## Work instructions
Taking the listing below line by line, tally those that contain the string "noteq". Give the total alone.

## Provided information

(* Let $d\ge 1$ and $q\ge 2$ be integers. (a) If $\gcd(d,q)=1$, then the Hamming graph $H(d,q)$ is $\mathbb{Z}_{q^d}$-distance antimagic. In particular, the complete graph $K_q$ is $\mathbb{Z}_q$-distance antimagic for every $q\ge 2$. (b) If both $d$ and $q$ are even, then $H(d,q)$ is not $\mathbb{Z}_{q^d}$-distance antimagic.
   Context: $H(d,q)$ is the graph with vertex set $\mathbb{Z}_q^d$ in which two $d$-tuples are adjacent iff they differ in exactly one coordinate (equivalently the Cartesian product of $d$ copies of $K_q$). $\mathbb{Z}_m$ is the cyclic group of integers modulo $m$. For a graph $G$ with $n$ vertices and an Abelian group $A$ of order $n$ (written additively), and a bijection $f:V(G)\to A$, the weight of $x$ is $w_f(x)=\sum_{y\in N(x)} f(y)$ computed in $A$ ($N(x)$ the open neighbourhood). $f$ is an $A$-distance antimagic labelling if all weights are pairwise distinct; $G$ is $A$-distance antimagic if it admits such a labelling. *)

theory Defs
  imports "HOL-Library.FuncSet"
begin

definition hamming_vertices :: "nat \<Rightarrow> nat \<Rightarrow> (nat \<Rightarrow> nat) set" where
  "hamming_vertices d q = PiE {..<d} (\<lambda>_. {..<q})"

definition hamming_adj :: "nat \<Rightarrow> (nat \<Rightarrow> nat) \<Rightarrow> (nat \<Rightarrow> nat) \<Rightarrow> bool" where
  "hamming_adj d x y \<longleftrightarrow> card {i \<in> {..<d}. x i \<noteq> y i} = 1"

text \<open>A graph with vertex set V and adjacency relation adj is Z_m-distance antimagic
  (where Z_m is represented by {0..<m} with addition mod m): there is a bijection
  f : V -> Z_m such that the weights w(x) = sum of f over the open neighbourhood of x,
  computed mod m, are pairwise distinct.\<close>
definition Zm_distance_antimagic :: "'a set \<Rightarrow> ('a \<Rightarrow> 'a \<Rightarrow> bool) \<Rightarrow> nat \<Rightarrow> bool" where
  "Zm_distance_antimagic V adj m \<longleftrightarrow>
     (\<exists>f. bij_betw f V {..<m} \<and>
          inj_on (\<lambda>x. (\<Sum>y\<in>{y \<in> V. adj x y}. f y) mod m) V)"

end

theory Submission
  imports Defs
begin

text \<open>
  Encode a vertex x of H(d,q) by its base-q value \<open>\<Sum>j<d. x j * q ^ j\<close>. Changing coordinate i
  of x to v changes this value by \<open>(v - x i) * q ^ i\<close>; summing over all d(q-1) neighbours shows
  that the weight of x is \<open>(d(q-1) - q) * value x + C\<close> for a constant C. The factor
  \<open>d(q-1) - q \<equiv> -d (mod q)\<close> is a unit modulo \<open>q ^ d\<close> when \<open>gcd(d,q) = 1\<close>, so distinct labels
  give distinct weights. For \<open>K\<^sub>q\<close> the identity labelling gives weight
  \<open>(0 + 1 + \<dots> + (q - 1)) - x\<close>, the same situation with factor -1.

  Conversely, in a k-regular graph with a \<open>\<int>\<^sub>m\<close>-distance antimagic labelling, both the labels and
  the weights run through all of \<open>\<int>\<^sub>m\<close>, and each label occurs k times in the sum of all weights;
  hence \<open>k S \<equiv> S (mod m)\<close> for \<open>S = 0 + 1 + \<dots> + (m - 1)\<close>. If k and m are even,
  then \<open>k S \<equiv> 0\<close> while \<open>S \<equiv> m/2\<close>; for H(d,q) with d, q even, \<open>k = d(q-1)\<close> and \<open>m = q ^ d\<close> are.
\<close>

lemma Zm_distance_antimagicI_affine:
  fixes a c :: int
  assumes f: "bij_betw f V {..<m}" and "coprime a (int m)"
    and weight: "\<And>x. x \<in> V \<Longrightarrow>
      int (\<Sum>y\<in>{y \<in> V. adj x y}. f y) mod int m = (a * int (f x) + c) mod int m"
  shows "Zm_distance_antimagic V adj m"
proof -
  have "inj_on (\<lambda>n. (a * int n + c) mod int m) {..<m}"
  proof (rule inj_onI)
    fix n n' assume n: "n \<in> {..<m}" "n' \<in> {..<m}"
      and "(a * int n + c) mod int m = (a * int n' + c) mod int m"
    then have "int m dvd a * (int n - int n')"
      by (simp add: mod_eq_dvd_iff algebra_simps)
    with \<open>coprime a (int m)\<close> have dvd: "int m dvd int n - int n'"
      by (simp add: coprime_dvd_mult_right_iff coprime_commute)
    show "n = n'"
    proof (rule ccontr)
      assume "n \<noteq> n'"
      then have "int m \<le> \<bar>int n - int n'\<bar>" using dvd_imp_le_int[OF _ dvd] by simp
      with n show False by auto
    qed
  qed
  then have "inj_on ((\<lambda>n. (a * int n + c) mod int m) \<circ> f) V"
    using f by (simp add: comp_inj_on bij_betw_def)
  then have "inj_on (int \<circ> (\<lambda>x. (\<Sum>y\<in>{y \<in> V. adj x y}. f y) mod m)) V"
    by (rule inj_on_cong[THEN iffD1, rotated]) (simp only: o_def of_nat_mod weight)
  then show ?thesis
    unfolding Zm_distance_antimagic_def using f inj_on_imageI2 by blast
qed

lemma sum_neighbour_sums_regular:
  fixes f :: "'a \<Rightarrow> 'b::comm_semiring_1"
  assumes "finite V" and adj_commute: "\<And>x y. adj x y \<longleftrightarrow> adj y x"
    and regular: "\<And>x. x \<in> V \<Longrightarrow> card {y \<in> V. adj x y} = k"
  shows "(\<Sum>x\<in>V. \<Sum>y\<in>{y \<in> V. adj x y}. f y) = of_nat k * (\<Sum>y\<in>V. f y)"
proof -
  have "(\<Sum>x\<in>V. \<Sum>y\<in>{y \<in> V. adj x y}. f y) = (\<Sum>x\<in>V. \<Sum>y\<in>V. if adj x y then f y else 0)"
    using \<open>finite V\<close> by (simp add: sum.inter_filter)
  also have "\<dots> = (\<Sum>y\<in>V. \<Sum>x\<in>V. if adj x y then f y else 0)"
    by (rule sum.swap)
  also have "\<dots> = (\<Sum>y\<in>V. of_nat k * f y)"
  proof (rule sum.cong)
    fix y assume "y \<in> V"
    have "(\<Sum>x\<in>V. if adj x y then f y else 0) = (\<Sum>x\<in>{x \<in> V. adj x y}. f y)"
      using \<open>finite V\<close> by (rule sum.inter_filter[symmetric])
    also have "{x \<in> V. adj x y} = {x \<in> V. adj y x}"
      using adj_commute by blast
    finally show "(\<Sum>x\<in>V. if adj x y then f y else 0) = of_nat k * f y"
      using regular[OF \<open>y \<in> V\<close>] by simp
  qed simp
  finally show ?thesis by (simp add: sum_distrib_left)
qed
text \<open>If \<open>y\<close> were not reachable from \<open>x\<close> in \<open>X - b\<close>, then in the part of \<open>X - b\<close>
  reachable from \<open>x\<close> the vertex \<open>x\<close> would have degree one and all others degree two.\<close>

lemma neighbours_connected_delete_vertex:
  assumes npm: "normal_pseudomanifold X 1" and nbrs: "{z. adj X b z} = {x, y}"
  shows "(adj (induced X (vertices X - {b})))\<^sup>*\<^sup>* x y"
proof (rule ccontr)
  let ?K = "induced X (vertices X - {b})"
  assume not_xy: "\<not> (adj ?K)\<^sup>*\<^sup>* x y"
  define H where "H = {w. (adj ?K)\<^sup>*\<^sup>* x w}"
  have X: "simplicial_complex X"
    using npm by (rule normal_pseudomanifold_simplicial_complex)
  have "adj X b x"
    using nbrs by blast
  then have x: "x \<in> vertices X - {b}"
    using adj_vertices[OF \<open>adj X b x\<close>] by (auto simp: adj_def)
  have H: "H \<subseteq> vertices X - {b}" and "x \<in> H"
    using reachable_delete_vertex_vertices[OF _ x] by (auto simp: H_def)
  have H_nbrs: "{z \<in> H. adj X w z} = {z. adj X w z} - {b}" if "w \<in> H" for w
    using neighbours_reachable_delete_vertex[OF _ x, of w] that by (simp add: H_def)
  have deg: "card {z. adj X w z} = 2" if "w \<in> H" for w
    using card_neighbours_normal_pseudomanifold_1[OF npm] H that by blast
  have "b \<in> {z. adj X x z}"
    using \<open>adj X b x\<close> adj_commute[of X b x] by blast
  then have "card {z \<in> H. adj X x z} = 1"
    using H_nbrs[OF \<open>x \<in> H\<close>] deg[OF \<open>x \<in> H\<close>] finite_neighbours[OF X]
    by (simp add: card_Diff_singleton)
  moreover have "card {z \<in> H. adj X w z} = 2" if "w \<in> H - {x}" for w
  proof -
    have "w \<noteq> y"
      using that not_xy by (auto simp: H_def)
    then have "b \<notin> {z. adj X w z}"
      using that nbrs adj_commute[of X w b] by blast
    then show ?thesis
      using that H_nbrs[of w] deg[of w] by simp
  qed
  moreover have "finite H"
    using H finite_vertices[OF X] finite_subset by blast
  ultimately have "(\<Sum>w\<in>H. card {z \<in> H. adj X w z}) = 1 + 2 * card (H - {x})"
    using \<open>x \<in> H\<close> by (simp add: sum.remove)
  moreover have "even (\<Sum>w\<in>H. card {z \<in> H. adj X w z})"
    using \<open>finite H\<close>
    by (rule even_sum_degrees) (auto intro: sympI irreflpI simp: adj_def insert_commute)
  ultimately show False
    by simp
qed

## Answer for this exercise
3